Les associations de protection de l’environnement espéraient pouvoir renforcer la protection des riverains face aux épandages, avec notamment l’introduction d’un principe de zones non traitées (ZNT) à proximité des lieux d'habitation, d’espaces publics et de lieux accueillant des groupes de personnes vulnérables. Des dispositions sur la protection des personnes vulnérables incluses dans la loi d’avenir pour l’agriculture. Un concept qui n’a pas été retenu dans la version finale, au profit de zones non traitées, dont la largeur (variant de 5 à 50 mètres) sera définie par l’Anses dans les décisions d'autorisation de mise sur le marché des produits en fonction des usages des produits.

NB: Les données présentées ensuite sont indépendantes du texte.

lemma perm_invariant_mset_eq:
  fixes \<alpha> \<beta> :: "'n::{finite,linorder} \<Rightarrow> nat"
  assumes "perm_invariant \<Phi>" and "mset (map \<alpha> coord_list) = mset (map \<beta> coord_list)"
  shows "\<Phi> \<alpha> = \<Phi> \<beta>"
proof -
  obtain p where "p permutes {..<length (map \<alpha> (coord_list :: 'n list))}"
    and p_map: "permute_list p (map \<alpha> coord_list) = map \<beta> coord_list"
    using mset_eq_permutation[OF assms(2)[symmetric]] by metis
  then have p: "p permutes {..<CARD('n)}"
    by (simp add: length_coord_list)
  define \<sigma> :: "'n \<Rightarrow> 'n" where "\<sigma> i = coord_list ! p (coord_index i)" for i
  have p_less: "k < CARD('n) \<Longrightarrow> p k < CARD('n)" for k
    using permutes_in_image[OF p(1)] by simp
  have "\<beta> (coord_list ! k) = \<alpha> (coord_list ! p k)" if "k < CARD('n)" for k
    using arg_cong[OF p_map, of "\<lambda>xs. xs ! k"] that p_less[OF that] p
    by (simp add: permute_list_nth length_coord_list)
  then have "\<beta> = \<alpha> \<circ> \<sigma>"
    by (metis (no_types) \<sigma>_def coord_index comp_apply ext)
  moreover have "inj \<sigma>"
    unfolding \<sigma>_def inj_def
    by (metis coord_index nth_coord_list_eq_iff p_less permutes_inj[OF p(1)] inj_def)
  then have "\<sigma> permutes UNIV"
    using finite_UNIV_inj_surj[of \<sigma>] by (intro bij_imp_permutes) (auto simp: bij_def)
  ultimately show ?thesis
    using assms(1) unfolding perm_invariant_def by simp
qed

lemma perm_invariant_shape:
  fixes \<alpha> :: "'n::{finite,linorder} \<Rightarrow> nat"
  assumes "perm_invariant \<Phi>"
  shows "\<Phi> \<alpha> = \<Phi> (padded_exponent (shape (map \<alpha> coord_list)))"
proof (rule perm_invariant_mset_eq[OF assms])
  let ?zs = "map \<alpha> (coord_list :: 'n list)"
  have "length (shape ?zs) \<le> CARD('n)"
    using mset_eq_shape_padded[of ?zs] size_mset by (metis length_append le_add1 length_coord_list length_map)
  then have map_eq: "map (padded_exponent (shape ?zs)) (coord_list :: 'n list) =
      shape ?zs @ replicate (CARD('n) - length (shape ?zs)) 0"
    by (rule map_padded_exponent)
  show "mset ?zs = mset (map (padded_exponent (shape ?zs)) (coord_list :: 'n list))"
    unfolding map_eq using mset_eq_shape_padded[of ?zs] by (simp add: length_coord_list)
qed

lemma perm_invariant_padded_shape:
  assumes "perm_invariant \<Phi>" and "length xs \<le> CARD('n::{finite,linorder})"
  shows "\<Phi> (padded_exponent xs :: 'n \<Rightarrow> nat) = \<Phi> (padded_exponent (shape xs))"
  using perm_invariant_shape[OF assms(1), of "padded_exponent xs"]
  by (simp add: map_padded_exponent[OF assms(2)] shape_padded)

definition hyperoct_invariant :: "((real^'n::finite \<Rightarrow> real) \<Rightarrow> real) \<Rightarrow> bool" where
  "hyperoct_invariant L \<longleftrightarrow> (\<forall>f g. g \<in> hyperoct \<longrightarrow> continuous_on UNIV f \<longrightarrow> L (\<lambda>x. f (g x)) = L f)"

lemma hyperoct_invariant_sphere_avg: "hyperoct_invariant (sphere_avg r)"
  unfolding hyperoct_invariant_def
  using sphere_avg_compose_orthogonal orthogonal_transformation_hyperoct lebesgue_scaling_hyperoct
  by blast

lemma hyperoct_invariant_design_defect:
  "fully_symmetric X w \<Longrightarrow> hyperoct_invariant (design_defect X w s)"
  unfolding hyperoct_invariant_def using design_defect_compose_hyperoct by blast

lemma monomial_coord_refl_odd:
  assumes "odd (\<alpha> i)"
  shows "monomial \<alpha> (coord_refl i x) = - monomial \<alpha> x"
proof -
  have "monomial \<alpha> (coord_refl i x) = (\<Prod>j\<in>UNIV. (if j = i then -1 else 1) * (x$j) ^ \<alpha> j)"
    unfolding monomial_def coord_refl_def by (rule prod.cong) (auto simp: assms power_minus_odd)
  then show ?thesis
    by (simp add: prod.distrib prod.delta monomial_def)
qed

lemma hyperoct_invariant_odd_monomial:
  assumes L: "hyperoct_invariant L" and neg: "L (\<lambda>x. - monomial \<alpha> x) = - L (monomial \<alpha>)"
    and "odd (\<alpha> i)"
  shows "L (monomial \<alpha>) = 0"
proof -
  have "L (monomial \<alpha>) = L (\<lambda>x. monomial \<alpha> (coord_refl i x))"
    using L coord_refl_hyperoct[of i]
    unfolding hyperoct_invariant_def by (simp add: continuous_on_monomial)
  also have "\<dots> = - L (monomial \<alpha>)"
    using neg monomial_coord_refl_odd[of \<alpha> i] \<open>odd (\<alpha> i)\<close> by simp
  finally show ?thesis
    by simp
qed

definition permute_coords :: "('n::finite \<Rightarrow> 'n) \<Rightarrow> real^'n \<Rightarrow> real^'n" where
  "permute_coords \<sigma> x = (\<chi> j. x $ \<sigma> j)"

lemma permute_coords_hyperoct:
  assumes "\<sigma> permutes (UNIV :: 'n::finite set)"
  shows "permute_coords \<sigma> \<in> hyperoct"
  using assms finite_class.finite_UNIV
proof (induction rule: permutes_induct)
  case id
  then show ?case
    using hyperoct.hyp_id by (simp add: permute_coords_def id_def)
next
  case (swap a b p)
  have "permute_coords (Transposition.transpose a b \<circ> p) = permute_coords p \<circ> coord_transp a b"
    by (simp add: permute_coords_def coord_transp_def fun_eq_iff Transposition.transpose_def)
  then show ?case
    using hyperoct_compose[OF \<open>permute_coords p \<in> hyperoct\<close> coord_transp_hyperoct] by (simp only:)
qed

lemma monomial_comp_permutes:
  assumes "\<sigma> permutes UNIV"
  shows "monomial (\<alpha> \<circ> \<sigma>) x = monomial \<alpha> (permute_coords (inv \<sigma>) x)"
  using prod.permute[OF assms, of "\<lambda>j. (x $ inv \<sigma> j) ^ \<alpha> j"]
  by (simp add: monomial_def permute_coords_def permutes_inverses(2)[OF assms])
(* Let $n\ge 2$, $F_2=\langle a,b\rangle$ free, $T=[a,b]$, and $R=R_{\mathrm{Heis}_n}$ the kernel of $F_2\to H_n$, $a\mapsto\alpha$, $b\mapsto\beta$. Then for all integers $i,j\ge 0$ the elements $T^n$ and $T^{-n}[a^ib^j,T]$ lie in $R$, and in the abelianization $R^{ab}=R/[R,R]$ (written additively, with the $H_n$-action described in the context) one has $$T^n=a^n-(a^n)^{\beta}-\sum_{k=0}^{n-2}\sum_{i=0}^{n-2-k}[a,T]^{\tau^k\alpha^i},$$ $$T^{-n}=b^n-(b^n)^{\alpha}-\sum_{k=0}^{n-2}\sum_{j=0}^{n-2-k}[b,T^{-1}]^{\tau^{-k}\beta^j},$$ $$[a^ib^j,T]=[b,T]^{\alpha^i\sum_{\lambda=0}^{j-1}\beta^\lambda}+[a,T]^{\sum_{\lambda=0}^{i-1}\alpha^\lambda}.$$
   Context: $H_n$ is the group of $3\times3$ upper unitriangular matrices over $\mathbb{Z}/n\mathbb{Z}$, generated by $\alpha$ (entry $1$ at position $(1,2)$) and $\beta$ (entry $1$ at position $(2,3)$); $\tau=[\alpha,\beta]$. Commutator $[x,y]=xyx^{-1}y^{-1}$. Elements of $R$ are identified with their classes in $R^{ab}$. Since $R$ is normal in $F_2$ with $F_2/R\cong H_n$, $H_n$ acts on $R^{ab}$: for $x\in R^{ab}$ and $g\in H_n$, $x^g$ is the class of $\tilde g x\tilde g^{-1}$ for any lift $\tilde g\in F_2$ of $g$ (so $x^{gh}=(x^h)^g$); this is extended $\mathbb{Z}$-linearly to $\mathbb{Z}[H_n]$ by $x^{\sum c_g g}=\sum c_g x^g$. Here $\alpha,\beta,\tau$ are the images of $a,b,T$. *)

theory Defs
  imports "HOL-Algebra.Algebra"
begin

text \<open>A letter is (g, e): g = False means a, g = True means b; e = True means inverse.\<close>
type_synonym letter = "bool \<times> bool"

definition inv_letter :: "letter \<Rightarrow> letter" where
  "inv_letter l = (fst l, \<not> snd l)"

definition reduced :: "letter list \<Rightarrow> bool" where
  "reduced w \<longleftrightarrow> (\<forall>i. Suc i < length w \<longrightarrow> w ! Suc i \<noteq> inv_letter (w ! i))"

fun cancel1 :: "letter \<Rightarrow> letter list \<Rightarrow> letter list" where
  "cancel1 x [] = [x]"
| "cancel1 x (y # ys) = (if y = inv_letter x then ys else x # y # ys)"

definition F2 :: "letter list monoid" where
  "F2 = \<lparr> carrier = {w. reduced w}, monoid.mult = (\<lambda>u v. foldr cancel1 u v), one = [] \<rparr>"

definition gen_a :: "letter list" where "gen_a = [(False, False)]"
definition gen_b :: "letter list" where "gen_b = [(True, False)]"

definition comm :: "letter list \<Rightarrow> letter list \<Rightarrow> letter list" where
  "comm x y = x \<otimes>\<^bsub>F2\<^esub> y \<otimes>\<^bsub>F2\<^esub> inv\<^bsub>F2\<^esub> x \<otimes>\<^bsub>F2\<^esub> inv\<^bsub>F2\<^esub> y"

definition gen_T :: "letter list" where "gen_T = comm gen_a gen_b"

abbreviation fpow :: "letter list \<Rightarrow> int \<Rightarrow> letter list" where
  "fpow x k \<equiv> x [^]\<^bsub>F2\<^esub> k"

text \<open>(x, y, z) represents the matrix [[1,x,z],[0,1,y],[0,0,1]] with entries in {0..<n}.\<close>
definition Heis :: "int \<Rightarrow> (int \<times> int \<times> int) monoid" where
  "Heis n = \<lparr> carrier = {(x, y, z). x \<in> {0..<n} \<and> y \<in> {0..<n} \<and> z \<in> {0..<n}},
     monoid.mult = (\<lambda>(x, y, z) (x', y', z'). ((x + x') mod n, (y + y') mod n, (z + z' + x * y') mod n)),
     one = (0, 0, 0) \<rparr>"

definition letter_val :: "int \<Rightarrow> letter \<Rightarrow> int \<times> int \<times> int" where
  "letter_val n l = (if fst l then (0, (if snd l then -1 else 1) mod n, 0)
                     else ((if snd l then -1 else 1) mod n, 0, 0))"

definition hval :: "int \<Rightarrow> letter list \<Rightarrow> int \<times> int \<times> int" where
  "hval n w = foldr (\<lambda>l acc. letter_val n l \<otimes>\<^bsub>Heis n\<^esub> acc) w \<one>\<^bsub>Heis n\<^esub>"

definition Rel :: "int \<Rightarrow> letter list set" where
  "Rel n = kernel F2 (Heis n) (hval n)"

definition Rab :: "int \<Rightarrow> letter list set monoid" where
  "Rab n = (F2\<lparr>carrier := Rel n\<rparr>) Mod (derived F2 (Rel n))"

definition cls :: "int \<Rightarrow> letter list \<Rightarrow> letter list set" where
  "cls n x = derived F2 (Rel n) #>\<^bsub>F2\<^esub> x"

text \<open>x^g for x in R and g a lift in F_2 of an element of H_n: class of g x g^{-1}\<close>
definition act :: "int \<Rightarrow> letter list \<Rightarrow> letter list \<Rightarrow> letter list set" where
  "act n g x = cls n (g \<otimes>\<^bsub>F2\<^esub> x \<otimes>\<^bsub>F2\<^esub> inv\<^bsub>F2\<^esub> g)"

definition rsum :: "int \<Rightarrow> letter list set list \<Rightarrow> letter list set" where
  "rsum n xs = foldr (\<lambda>x acc. x \<otimes>\<^bsub>Rab n\<^esub> acc) xs \<one>\<^bsub>Rab n\<^esub>"

end

theory Submission
  imports Defs
begin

Pour les salariés agricoles, le délai de rentrée sur les parcelles traitées demeure en règle générale de 6 heures (et 8 h en milieu fermé), et de 24 h, voire 48 h, pour les produits les plus dangereux. Ceux jugés cancérigènes, mutagènes et reprotoxiques sont désormais inclus. Or, même pour ces produits parmi les plus toxiques, les délais de rentrée pourront être désormais abaissés à 6 heures si le tracteur est équipé d’un filtre à charbon actif, ou si le travailleur est vêtu d’un équipement de protection individuelle (EPI). Des combinaisons souvent peu portées et dont l’efficacité est remise en cause par divers travaux.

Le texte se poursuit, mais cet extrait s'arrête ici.